Ce fanatisme d'arbitraire, porté dans la théologie, semblait devoir en supprimer le mouvement. Tout au contraire, il le lança. Il en fut comme du mahométisme primitif qui affrontait si hardiment une mort décrétée et écrite, que nulle prudence n'éviterait. La prédestination de Calvin se trouva en pratique une machine à faire des martyrs.

Imposer à Genève ce joug terrible n'était pas chose aisée. Elle chassa Calvin; mais les désordres augmentèrent, et elle le rappela elle-même. Il refusait, écrivait à Farel: «Je les connais; ils me seront insupportables, et eux à moi... Je frémis d'y rentrer.» Farel l'y contraignit. Il fallait que cet homme eût foi à l'impossible, pour croire que la Réforme tiendrait là, que la petite république subsisterait indépendante. Quand on examine la carte d'alors, on est effrayé d'une telle situation. L'imperceptible cité avait son étroite banlieue coupée, mêlée, enchevêtrée des possessions des grands États, ses mortels ennemis. À l'époque de la captivité de François Ier, il est vrai, Berne et les Suisses avaient senti qu'il fallait protéger Genève. Et la France le sentait aussi. Mais c'était là justement le péril de la petite ville. Quand le roi, en 1535, envoya sept cents lances pour la couvrir de la Savoie, la ville semblait perdue, et, en effet, le roi espérait l'absorber. Quand les Bernois, l'année suivante, prirent le pays de Vaud, Genève se crut au moment d'être emportée par l'avalanche, submergée par le déluge barbare des populations allemandes.

Situation unique d'alarmes continuelles. Chaque nuit, le Savoyard pouvait tenter l'escalade. Chaque jour, les alliés bernois, ou les protecteurs français, pouvaient arriver sur la place et surprendre la seigneurie. Il fallait se garder des ennemis, bien plus des amis, veiller toujours, craindre toujours. Et voilà pourquoi Genève a été la Vierge sage, et a tenu si haut sa lampe. Voilà pourquoi elle a été la grande école des nations. Mais, pour qu'il en fût ainsi, il fallait qu'elle subît une transformation complète, qu'elle s'abjurât elle-même; que, d'une ville de plaisir, d'une joyeuse ville de commerce, elle se fit la fabrique des saints et des martyrs, la sombre forge où se forgeassent les élus de la mort.

L'émigration religieuse de France, d'Italie, d'Allemagne, y créa une ville nouvelle, population disparate, mais naturellement plus docile à son dictateur ecclésiastique.

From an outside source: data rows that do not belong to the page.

(* Assume $N\ge2$ and that conditions A and D' hold for the stochastic matrices $(p_{ij}(\varepsilon))_{i,j\in\mathbb{X}}$, $\varepsilon\in(0,\varepsilon_0]$, and let $\delta^\circ=\min_{i\in\mathbb{X},\,j\in\mathbb{Y}_i}\delta_{ij}$. Then for every $r\in\mathbb{X}$ the reduced matrices $({}_rp_{ij}(\varepsilon))_{i,j\in{}_r\mathbb{X}}$, $\varepsilon\in(0,\varepsilon_0]$, also satisfy condition A (on the state space ${}_r\mathbb{X}$, with the same $\varepsilon_0$ and transition sets ${}_r\mathbb{Y}_i$) and condition D'; that is, for every $i\in{}_r\mathbb{X}$, $j\in{}_r\mathbb{Y}_i$ there are integers $0\le{}_rl^-_{ij}\le{}_rl^+_{ij}$, reals ${}_ra_{ij}[l]$ with ${}_ra_{ij}[{}_rl^-_{ij}]>0$, and ${}_r\delta_{ij}\in(0,1]$, ${}_rG_{ij}\in(0,\infty)$, ${}_r\varepsilon_{ij}\in(0,\varepsilon_0]$ such that $\big|{}_rp_{ij}(\varepsilon)-\sum_{l={}_rl^-_{ij}}^{{}_rl^+_{ij}}{}_ra_{ij}[l]\varepsilon^l\big|\le{}_rG_{ij}\varepsilon^{{}_rl^+_{ij}+{}_r\delta_{ij}}$ for $0<\varepsilon\le{}_r\varepsilon_{ij}$. Moreover this holds with ${}_r\delta_{ij}\ge\delta^\circ$ for all $j\in{}_r\mathbb{Y}_i$, $i\in{}_r\mathbb{X}$, $r\in\mathbb{X}$.
   Context: Let $\mathbb{X}=\{1,\dots,N\}$, $0<\varepsilon_0\le1$, and for each $\varepsilon\in(0,\varepsilon_0]$ let $(p_{ij}(\varepsilon))_{i,j\in\mathbb{X}}$ be a stochastic matrix. Condition A: there are nonempty sets $\mathbb{Y}_i\subseteq\mathbb{X}$ such that (a) $p_{ij}(\varepsilon)>0$ for $j\in\mathbb{Y}_i$ and all $\varepsilon\in(0,\varepsilon_0]$; (b) $p_{ij}(\varepsilon)=0$ for $j\notin\mathbb{Y}_i$; (c) for every $i,j$ there exist $n\ge1$ and $i=l_0,\dots,l_n=j$ with $l_m\in\mathbb{Y}_{l_{m-1}}$. Condition D': for all $i$ and $j\in\mathbb{Y}_i$, $p_{ij}(\varepsilon)=\sum_{l=l^-_{ij}}^{l^+_{ij}}a_{ij}[l]\varepsilon^l+o_{ij}(\varepsilon)$ on $(0,\varepsilon_0]$ with integers $0\le l^-_{ij}\le l^+_{ij}$, $a_{ij}[l^-_{ij}]>0$, and $|o_{ij}(\varepsilon)|\le G_{ij}\varepsilon^{l^+_{ij}+\delta_{ij}}$ for $0<\varepsilon\le\varepsilon_{ij}$, where $\delta_{ij}\in(0,1]$, $G_{ij}\in(0,\infty)$, $\varepsilon_{ij}\in(0,\varepsilon_0]$. (Under A, $p_{rr}(\varepsilon)<1$.) Reduced chain: for $r\in\mathbb{X}$ let ${}_r\mathbb{X}=\mathbb{X}\setminus\{r\}$ and ${}_rp_{ij}(\varepsilon)=p_{ij}(\varepsilon)+p_{ir}(\varepsilon)\frac{p_{rj}(\varepsilon)}{1-p_{rr}(\varepsilon)}$, $i,j\in{}_r\mathbb{X}$ (the transition probabilities of the chain observed only at visits to ${}_r\mathbb{X}$). Its transition sets are ${}_r\mathbb{Y}_i=\{j\in{}_r\mathbb{X}: j\in\mathbb{Y}_i\ \text{or}\ (r\in\mathbb{Y}_i\text{ and }j\in\mathbb{Y}_r)\}$, $i\in{}_r\mathbb{X}$. Conditions A and D' for the reduced chain mean the same conditions with $\mathbb{X},p_{ij},\mathbb{Y}_i$ replaced by ${}_r\mathbb{X},{}_rp_{ij},{}_r\mathbb{Y}_i$. *)

theory Defs
  imports Complex_Main
begin

text \<open>States are natural numbers; the state space is a finite set S (X = {1..N}).
  A family of matrices is p :: real => nat => nat => real, p eps i j.\<close>

definition stochastic_family :: "nat set \<Rightarrow> real \<Rightarrow> (real \<Rightarrow> nat \<Rightarrow> nat \<Rightarrow> real) \<Rightarrow> bool" where
  "stochastic_family S eps0 p \<longleftrightarrow>
     (\<forall>eps\<in>{0<..eps0}. (\<forall>i\<in>S. \<forall>j\<in>S. 0 \<le> p eps i j) \<and> (\<forall>i\<in>S. (\<Sum>j\<in>S. p eps i j) = 1))"

definition condition_A :: "nat set \<Rightarrow> real \<Rightarrow> (real \<Rightarrow> nat \<Rightarrow> nat \<Rightarrow> real) \<Rightarrow> (nat \<Rightarrow> nat set) \<Rightarrow> bool" where
  "condition_A S eps0 p Y \<longleftrightarrow>
     (\<forall>i\<in>S. Y i \<noteq> {} \<and> Y i \<subseteq> S) \<and>
     (\<forall>i\<in>S. \<forall>j\<in>Y i. \<forall>eps\<in>{0<..eps0}. p eps i j > 0) \<and>
     (\<forall>i\<in>S. \<forall>j\<in>S - Y i. \<forall>eps\<in>{0<..eps0}. p eps i j = 0) \<and>
     (\<forall>i\<in>S. \<forall>j\<in>S. \<exists>n::nat. \<exists>l::nat \<Rightarrow> nat. n \<ge> 1 \<and> l 0 = i \<and> l n = j \<and>
          (\<forall>m\<in>{1..n}. l m \<in> Y (l (m - 1))))"

definition expansion_D' :: "real \<Rightarrow> (real \<Rightarrow> nat \<Rightarrow> nat \<Rightarrow> real) \<Rightarrow> nat \<Rightarrow> nat \<Rightarrow> real \<Rightarrow> bool" where
  "expansion_D' eps0 p i j \<delta> \<longleftrightarrow>
     (\<exists>lm lp :: nat. \<exists>a :: nat \<Rightarrow> real. \<exists>G eps_ij :: real.
        lm \<le> lp \<and> a lm > 0 \<and> 0 < \<delta> \<and> \<delta> \<le> 1 \<and> 0 < G \<and> 0 < eps_ij \<and> eps_ij \<le> eps0 \<and>
        (\<forall>eps\<in>{0<..eps_ij}.
           \<bar>p eps i j - (\<Sum>l=lm..lp. a l * eps ^ l)\<bar> \<le> G * eps powr (real lp + \<delta>)))"

definition condition_D' :: "nat set \<Rightarrow> real \<Rightarrow> (real \<Rightarrow> nat \<Rightarrow> nat \<Rightarrow> real) \<Rightarrow> (nat \<Rightarrow> nat set) \<Rightarrow> bool" where
  "condition_D' S eps0 p Y \<longleftrightarrow> (\<forall>i\<in>S. \<forall>j\<in>Y i. \<exists>\<delta>. expansion_D' eps0 p i j \<delta>)"

definition reduced_p :: "(real \<Rightarrow> nat \<Rightarrow> nat \<Rightarrow> real) \<Rightarrow> nat \<Rightarrow> real \<Rightarrow> nat \<Rightarrow> nat \<Rightarrow> real" where
  "reduced_p p r eps i j = p eps i j + p eps i r * (p eps r j / (1 - p eps r r))"

definition reduced_Y :: "nat set \<Rightarrow> (nat \<Rightarrow> nat set) \<Rightarrow> nat \<Rightarrow> nat \<Rightarrow> nat set" where
  "reduced_Y S Y r i = {j \<in> S - {r}. j \<in> Y i \<or> (r \<in> Y i \<and> j \<in> Y r)}"

end

theory Submission
  imports Defs
begin

text \<open>Under condition D' every transition probability has a leading term: near 0 it equals
  \<open>c \<epsilon>^m\<close> with \<open>c > 0\<close> up to a remainder \<open>O(\<epsilon>^(m + \<delta>))\<close>, and conversely such a leading
  term is an expansion as in D'. For fixed \<open>\<delta> \<le> 1\<close> these functions are closed under sums,
  products, and quotients whose denominator is of no higher order than the numerator. Since
  \<open>1 - p r r\<close> is the sum of the exit probabilities \<open>p r k\<close>, \<open>k \<noteq> r\<close>, each of which it bounds
  from above, the reduced probabilities \<open>p i j + p i r * p r j / (1 - p r r)\<close> again have leading
  terms, with the common exponent \<open>\<delta>\<^sup>\<circ> = min \<delta> i j\<close>. Condition A carries over because every
  visit of a path to r can be short-cut by a single transition of the reduced chain.\<close>

section \<open>Leading terms\<close>

definition leading_term :: "real \<Rightarrow> (real \<Rightarrow> real) \<Rightarrow> nat \<Rightarrow> real \<Rightarrow> bool" where
  "leading_term d f m c \<longleftrightarrow> c > 0 \<and>
     (\<exists>G\<ge>0. \<forall>\<^sub>F e in at_right 0. \<bar>f e - c * e ^ m\<bar> \<le> G * e ^ m * e powr d)"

La vraie et ancienne Genève, irréconciliable à l'esprit de Calvin, lutta quelque temps dans les Libertins (ou amis de la liberté), qui s'entendaient avec la France. C'étaient spécialement les amis du cardinal Du Bellay, de la Renaissance contre la Réforme. On assure qu'ils lui proposaient de conquérir Genève pour son maître. Qu'en serait-il arrivé? Que Du Bellay, impuissant pour défendre en France la liberté de penser, n'eût pu rien pour elle à Genève. On le vit en 1543, où, sous ses yeux, et lui étant évêque de Paris, on lui brûla (à Paris même) son secrétaire, un jeune protestant!